- [Directions] In the entries below, count the lines that contain the word "realizes" and give only that number.

Saved entries
(* Let $(\mathcal{A},\mathcal{B},\mathcal{C})$ be a recollement of extriangulated categories (with functors $i^*,i_*,i^!,j_!,j^*,j_*$ as in the context) and let $C\in\mathcal{C}$. Then $$\operatorname{pd}_{\mathcal{B}}j_!(C)\le\operatorname{pd}_{\mathcal{C}}C+\operatorname{gl}_{\mathcal{A}}\mathcal{B}+1,$$ where $\operatorname{gl}_{\mathcal{A}}\mathcal{B}:=\sup\{\operatorname{pd}_{\mathcal{B}}i_*(A)\mid A\in\mathcal{A}\}$ (with the convention $n+\infty=\infty$).
   Context: Extriangulated categories $(\mathcal{C},\mathbb{E},\mathfrak{s})$ are in the sense of Nakaoka–Palu: $\mathcal{C}$ additive, $\mathbb{E}:\mathcal{C}^{op}\times\mathcal{C}\to\mathrm{Ab}$ biadditive, $\mathfrak{s}$ an additive realization sending $\delta\in\mathbb{E}(C,A)$ to a class of sequences $[A\xrightarrow{x}B\xrightarrow{y}C]$, satisfying (ET1)–(ET4), (ET3)$^{op}$, (ET4)$^{op}$. Such a sequence is an $\mathbb{E}$-triangle $A\xrightarrow{x}B\xrightarrow{y}C\overset{\delta}{\dashrightarrow}$; $x$ is an inflation, $y$ a deflation, $A=\mathrm{cocone}(y)$, $C=\mathrm{cone}(x)$. Standing assumptions: every extriangulated category is Krull–Schmidt, Hom-finite, $k$-linear, has enough projectives and injectives, and satisfies (WIC): if $gf$ is an inflation then $f$ is an inflation; if $gf$ is a deflation then $g$ is a deflation. Projective object $P$: for every $\mathbb{E}$-triangle $A\to B\xrightarrow{y}C\dashrightarrow$ and $c:P\to C$ there is $b$ with $yb=c$; $\mathcal{P}(\mathcal{C})$ is the class of projectives. A finite $\mathbb{E}$-triangle sequence $X_n\to\cdots\to X_0\to C$ means there are $\mathbb{E}$-triangles $K_{i+1}\xrightarrow{g_i}X_i\xrightarrow{f_i}K_i\dashrightarrow$ ($0\le i\le n-1$), $K_0=C$, $K_n=X_n$, with maps $f_0$, $g_{i-1}f_i$, $g_{n-1}$. $\operatorname{pd}_{\mathcal{C}}C$ is the least $n$ admitting such a sequence with all $X_i$ projective ($\infty$ if none); $\operatorname{gl}\mathcal{C}=\sup_C\operatorname{pd}_{\mathcal{C}}C$. A morphism $f$ is compatible if ($f$ is both an inflation and a deflation) implies $f$ is an isomorphism. A sequence $A\xrightarrow{f}B\xrightarrow{g}C$ is right exact if there is an $\mathbb{E}$-triangle $K\xrightarrow{h_2}B\xrightarrow{g}C\dashrightarrow$ and a compatible deflation $h_1:A\to K$ with $f=h_2h_1$ (left exact dually). A 4-term sequence $A\xrightarrow{f}B\xrightarrow{g}C\xrightarrow{h}D$ is right (resp. left) exact if there are $\mathbb{E}$-triangles $A\xrightarrow{f}B\xrightarrow{g_1}K\dashrightarrow$ and $K\xrightarrow{g_2}C\xrightarrow{h}D\dashrightarrow$ with $g=g_2g_1$ and $g_1$ (resp. $g_2$) compatible. An additive functor $F:\mathcal{A}\to\mathcal{B}$ between extriangulated categories is right exact if (1) it sends compatible morphisms to compatible morphisms; (2) it sends right exact sequences to right exact sequences (so for each $\mathbb{E}_{\mathcal{A}}$-triangle $A\xrightarrow{f}B\xrightarrow{g}C\overset{\delta}{\dashrightarrow}$ there is an $\mathbb{E}_{\mathcal{B}}$-triangle $A'\xrightarrow{x}FB\xrightarrow{Fg}FC\dashrightarrow$ with $Ff=xy$, $y:FA\to A'$ a compatible deflation); (3) there is a natural transformation $\eta_{(C,A)}:\mathbb{E}_{\mathcal{A}}(C,A)\to\mathbb{E}_{\mathcal{B}}(FC,A')$ with $\mathfrak{s}_{\mathcal{B}}(\eta(\delta))=[A'\xrightarrow{x}FB\xrightarrow{Fg}FC]$. Left exact functors are defined dually. $F$ is exact if it preserves compatible morphisms and there is a natural transformation $\eta:\mathbb{E}_{\mathcal{A}}(-,-)\Rightarrow\mathbb{E}_{\mathcal{B}}(F-,F-)$ with $\mathfrak{s}_{\mathcal{B}}(\eta(\delta))=[FA\xrightarrow{Fx}FB\xrightarrow{Fy}FC]$ whenever $\mathfrak{s}_{\mathcal{A}}(\delta)=[A\xrightarrow{x}B\xrightarrow{y}C]$. A recollement $(\mathcal{A},\mathcal{B},\mathcal{C})$ of extriangulated categories consists of exact functors $i_*:\mathcal{A}\to\mathcal{B}$, $j^*:\mathcal{B}\to\mathcal{C}$, right exact functors $i^*:\mathcal{B}\to\mathcal{A}$, $j_!:\mathcal{C}\to\mathcal{B}$, and left exact functors $i^!:\mathcal{B}\to\mathcal{A}$, $j_*:\mathcal{C}\to\mathcal{B}$ such that: (R1) $(i^*,i_*,i^!)$ and $(j_!,j^*,j_* )$ are adjoint triples; (R2) the essential image of $i_*$ equals the kernel of $j^*$ (objects sent to $0$); (R3) $i_*,j_!,j_*$ are fully faithful; (R4) for each $B\in\mathcal{B}$ there is a left exact 4-term $\mathbb{E}$-triangle sequence $i_*i^!(B)\xrightarrow{\theta_B}B\xrightarrow{\vartheta_B}j_*j^*(B)\to i_*(A)$ with $A\in\mathcal{A}$ and $\theta_B,\vartheta_B$ the adjunction morphisms; (R5) for each $B\in\mathcal{B}$ there is a right exact 4-term $\mathbb{E}$-triangle sequence $i_*(A')\to j_!j^*(B)\xrightarrow{\upsilon_B}B\xrightarrow{\nu_B}i_*i^*(B)$ with $A'\in\mathcal{A}$ and $\upsilon_B,\nu_B$ the adjunction morphisms. *)

theory Defs
  imports Main "HOL-Library.Extended_Nat"
begin

text \<open>Morphisms carry their (unique) source and target
  via pairwise disjoint hom-sets; likewise for the groups E(C,A).
  cmp g f is the composite g o f.  ext C A is E(C,A); epull c d is c^* d and
  epush a d is a_* d.  realizes d A x B y C means [A -x-> B -y-> C] belongs to s(d).\<close>

record ('o,'a,'e,'k) extri =
  obj :: "'o set"
  hom :: "'o \<Rightarrow> 'o \<Rightarrow> 'a set"
  cmp :: "'a \<Rightarrow> 'a \<Rightarrow> 'a"
  idm :: "'o \<Rightarrow> 'a"
  madd :: "'a \<Rightarrow> 'a \<Rightarrow> 'a"
  mzero :: "'o \<Rightarrow> 'o \<Rightarrow> 'a"
  mneg :: "'a \<Rightarrow> 'a"
  smul :: "'k \<Rightarrow> 'a \<Rightarrow> 'a"
  ext :: "'o \<Rightarrow> 'o \<Rightarrow> 'e set"
  eadd :: "'e \<Rightarrow> 'e \<Rightarrow> 'e"
  ezero :: "'o \<Rightarrow> 'o \<Rightarrow> 'e"
  eneg :: "'e \<Rightarrow> 'e"
  epull :: "'a \<Rightarrow> 'e \<Rightarrow> 'e"
  epush :: "'a \<Rightarrow> 'e \<Rightarrow> 'e"
  realizes :: "'e \<Rightarrow> 'o \<Rightarrow> 'a \<Rightarrow> 'o \<Rightarrow> 'a \<Rightarrow> 'o \<Rightarrow> bool"

definition abgrp :: "'x set \<Rightarrow> ('x \<Rightarrow> 'x \<Rightarrow> 'x) \<Rightarrow> 'x \<Rightarrow> ('x \<Rightarrow> 'x) \<Rightarrow> bool" where
  "abgrp S ad z ng \<longleftrightarrow> z \<in> S \<and> (\<forall>x\<in>S. \<forall>y\<in>S. ad x y \<in> S) \<and> (\<forall>x\<in>S. ng x \<in> S)
     \<and> (\<forall>x\<in>S. \<forall>y\<in>S. \<forall>w\<in>S. ad (ad x y) w = ad x (ad y w))
     \<and> (\<forall>x\<in>S. \<forall>y\<in>S. ad x y = ad y x)
     \<and> (\<forall>x\<in>S. ad z x = x) \<and> (\<forall>x\<in>S. ad (ng x) x = z)"

fun hsum :: "('x \<Rightarrow> 'x \<Rightarrow> 'x) \<Rightarrow> 'x \<Rightarrow> (nat \<Rightarrow> 'x) \<Rightarrow> nat \<Rightarrow> 'x" where
  "hsum ad z f 0 = z"
| "hsum ad z f (Suc n) = ad (hsum ad z f n) (f n)"

definition is_iso :: "('o,'a,'e,'k) extri \<Rightarrow> 'a \<Rightarrow> bool" where
  "is_iso E f \<longleftrightarrow> (\<exists>X Y. f \<in> hom E X Y \<and>
     (\<exists>g\<in>hom E Y X. cmp E g f = idm E X \<and> cmp E f g = idm E Y))"

definition isomorphic :: "('o,'a,'e,'k) extri \<Rightarrow> 'o \<Rightarrow> 'o \<Rightarrow> bool" where
  "isomorphic E X Y \<longleftrightarrow> (\<exists>f\<in>hom E X Y. is_iso E f)"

- [Task answer] 2